Hi, bunnies! I wrote few months ago that I have 5 years old bunny.
We are from Russia, Moscow, but last two years we live in USA.
in Moscow I always wanted for my baby only best things.

I tryed few cages and our favorite cages is a cages that produced by Ferplast (site is ferplast.com).

There is a few reason why:

- Special floor, that have some kind of relief that it never slippery (it's like plastic relief greed, very small, so it perfect flooring.

- coming with convenient water bottle for this cage and holder for hay.

- have house inside

- have plate (for food) that is solid with house, so bunny can't throw it.

And at end of all it's good quality.

Last cage I had in Moscow was like this: http://www.therabbithouse.com/indoor/rabbitcages.asp?cage=11

But it stayed there and we have some stupid cage now with slippery flooring (I put rug inside). It's not that necessary because my bunny walk everywhere she want and cage only for food and toilet.

But now I want to buy goog one.
And I want ferplast cage.

I looked at the amazon.com and they don't have ferplast cages (they sell only in Europe), but they have one cage from Canadian company Hagen that sell one model that absolutely, absolutely similar to one cage from ferplast.

I guess, that may be because ferplast have no business on the north continent, they sell this cages to Hagen.

I talk about this one:

European name: ferplast casita 120
http://ferplast.com/scheda_prodotto_eng.php/prodotto=/id_item=57067170/id_menu=04010505

USA name: living world deluxe habitat XLarge
http://www.amazon.com/gp/product/B007BNE1YA/?tag=skimlinks_replacement-20

So u can see that it's absolutely same cages.
But they ship this size(47" long) on amazon within 2 months.

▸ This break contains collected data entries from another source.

lemma is_pdo_bidF [simp]:
  assumes M: "is_bidiff M" shows "is_pdo (bidF S M F)"
proof -
  have fin: "finite (snd ` {(k,l). M k l \<noteq> 0})" using M unfolding is_bidiff_def by simp
  then obtain L where L: "\<forall>l\<in>snd ` {(k,l). M k l \<noteq> 0}. l \<le> L"
    using finite_nat_set_iff_bounded_le by blast
  have "bidF S M F j = 0" if j: "j > int L" for j
  proof -
    have "{k. M k (nat j) \<noteq> 0} = {}"
    proof (rule ccontr)
      assume "{k. M k (nat j) \<noteq> 0} \<noteq> {}"
      then obtain k where "M k (nat j) \<noteq> 0" by blast
      then have "nat j \<le> L" using L by force
      then show False using j by simp
    qed
    then show ?thesis unfolding bidF_def by simp
  qed
  then show ?thesis unfolding is_pdo_def by blast
qed

end

section \<open>The Lie derivative\<close>

context diff_algebra
begin

lemma is_pdo_Lie [simp]: "is_pdo X \<Longrightarrow> is_pdo (Lie S G X)"
  unfolding Lie_def by simp

lemma Lie_pmul:
  assumes X: "is_pdo X" and Y: "is_pdo Y"
  shows "Lie S G (pmul S X Y) = (\<lambda>j. pmul S (Lie S G X) Y j + pmul S X (Lie S G Y) j)"
proof -
  let ?D = "Dfr S G"
  have a1: "pmul S ?D (pmul S X Y) = pmul S (pmul S ?D X) Y" by (rule pmul_assoc[symmetric]) (use X Y in auto)
  have a2: "pmul S (pmul S X Y) ?D = pmul S X (pmul S Y ?D)" by (rule pmul_assoc) (use X Y in auto)
  have a3: "pmul S (pmul S X ?D) Y = pmul S X (pmul S ?D Y)" by (rule pmul_assoc) (use X Y in auto)
  have l1: "pmul S (Lie S G X) Y = (\<lambda>j. pmul S (Xop S G X) Y j - (pmul S (pmul S ?D X) Y j - pmul S (pmul S X ?D) Y j))"
    unfolding Lie_def using X Y by (simp add: pmul_diff_left)
  have l2: "pmul S X (Lie S G Y) = (\<lambda>j. pmul S X (Xop S G Y) j - (pmul S X (pmul S ?D Y) j - pmul S X (pmul S Y ?D) j))"
    unfolding Lie_def using X Y by (simp add: pmul_diff_right)
  show ?thesis unfolding l1 l2 unfolding Lie_def Xop_pmul[OF X Y] a1 a2 a3 by (simp add: algebra_simps)
qed

lemma Lie_one: "Lie S G op_one = (\<lambda>_. 0)"
  unfolding Lie_def Xop_def pmul_one_left[OF is_pdo_Dfr] pmul_one_right[OF is_pdo_Dfr]
  by (rule ext) (simp add: op_one_def derivation_zero[OF Xf_derivation] derivation_one[OF Xf_derivation])

lemma Lie_pmul_inverse_right:
  assumes A: "is_pdo A" and B: "is_pdo B" and C: "is_pdo C" and CB: "pmul S C B = op_one"
  shows "pmul S (Lie S K (pmul S A C)) B = (\<lambda>j. Lie S K A j - pmul S (pmul S A C) (Lie S K B) j)"
proof -
  have h2: "(\<lambda>j. pmul S (Lie S K C) B j + pmul S C (Lie S K B) j) = (\<lambda>_. 0)"
    using Lie_pmul[OF C B, of K] CB Lie_one by simp
  have h3: "pmul S (Lie S K C) B = (\<lambda>j. - pmul S C (Lie S K B) j)"
  proof
    fix j show "pmul S (Lie S K C) B j = - pmul S C (Lie S K B) j"
      using fun_cong[OF h2, of j] by (simp add: add_eq_0_iff)
  qed
  have "pmul S (Lie S K (pmul S A C)) B = (\<lambda>j. pmul S (pmul S (Lie S K A) C) B j + pmul S (pmul S A (Lie S K C)) B j)"
    unfolding Lie_pmul[OF A C] using A B C by (simp add: pmul_add_left)
  also have "\<dots> = (\<lambda>j. pmul S (Lie S K A) (pmul S C B) j + pmul S A (pmul S (Lie S K C) B) j)"
    using A B C by (simp add: pmul_assoc)
  also have "\<dots> = (\<lambda>j. Lie S K A j - pmul S (pmul S A C) (Lie S K B) j)"
    unfolding h3 CB using A B C by (simp add: pmul_uminus_right pmul_one_right pmul_assoc)
  finally show ?thesis .
qed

And I don't want wait too long 

If I'll not find in other place then I'll have to order this one, which size is smaller
living world deluxe habitat Large
http://www.amazon.com/gp/product/B005AYYDCM/?tag=skimlinks_replacement-20

This is same cage but smaller (30" long).


So. Is anybody know where I can buy ferplast or living world deluxe xLarge in US?


----------



## [email protected] (Dec 7, 2013)

You mentioned you lived here with a rabbit for three years.

I had a rabbit before in Houston TX; but, that was another lifetime.

My Russian wife has no experience with such a pet and has tons of questions about health, vet, what to expect, etc.

Any thoughts would be appreciated 

Cheers, [email protected]


----------



## Sindri27 (Dec 7, 2013)

The living world cage can be bought at Petco online and I believe I have also seen this in the store as well.


----------



## FreezeNkody (Dec 7, 2013)

I think medium to large dog kennels work the best! Or xpens


----------



## FreezeNkody (Dec 7, 2013)

This is what my Flemish giant is in my other 3 live in xpens


----------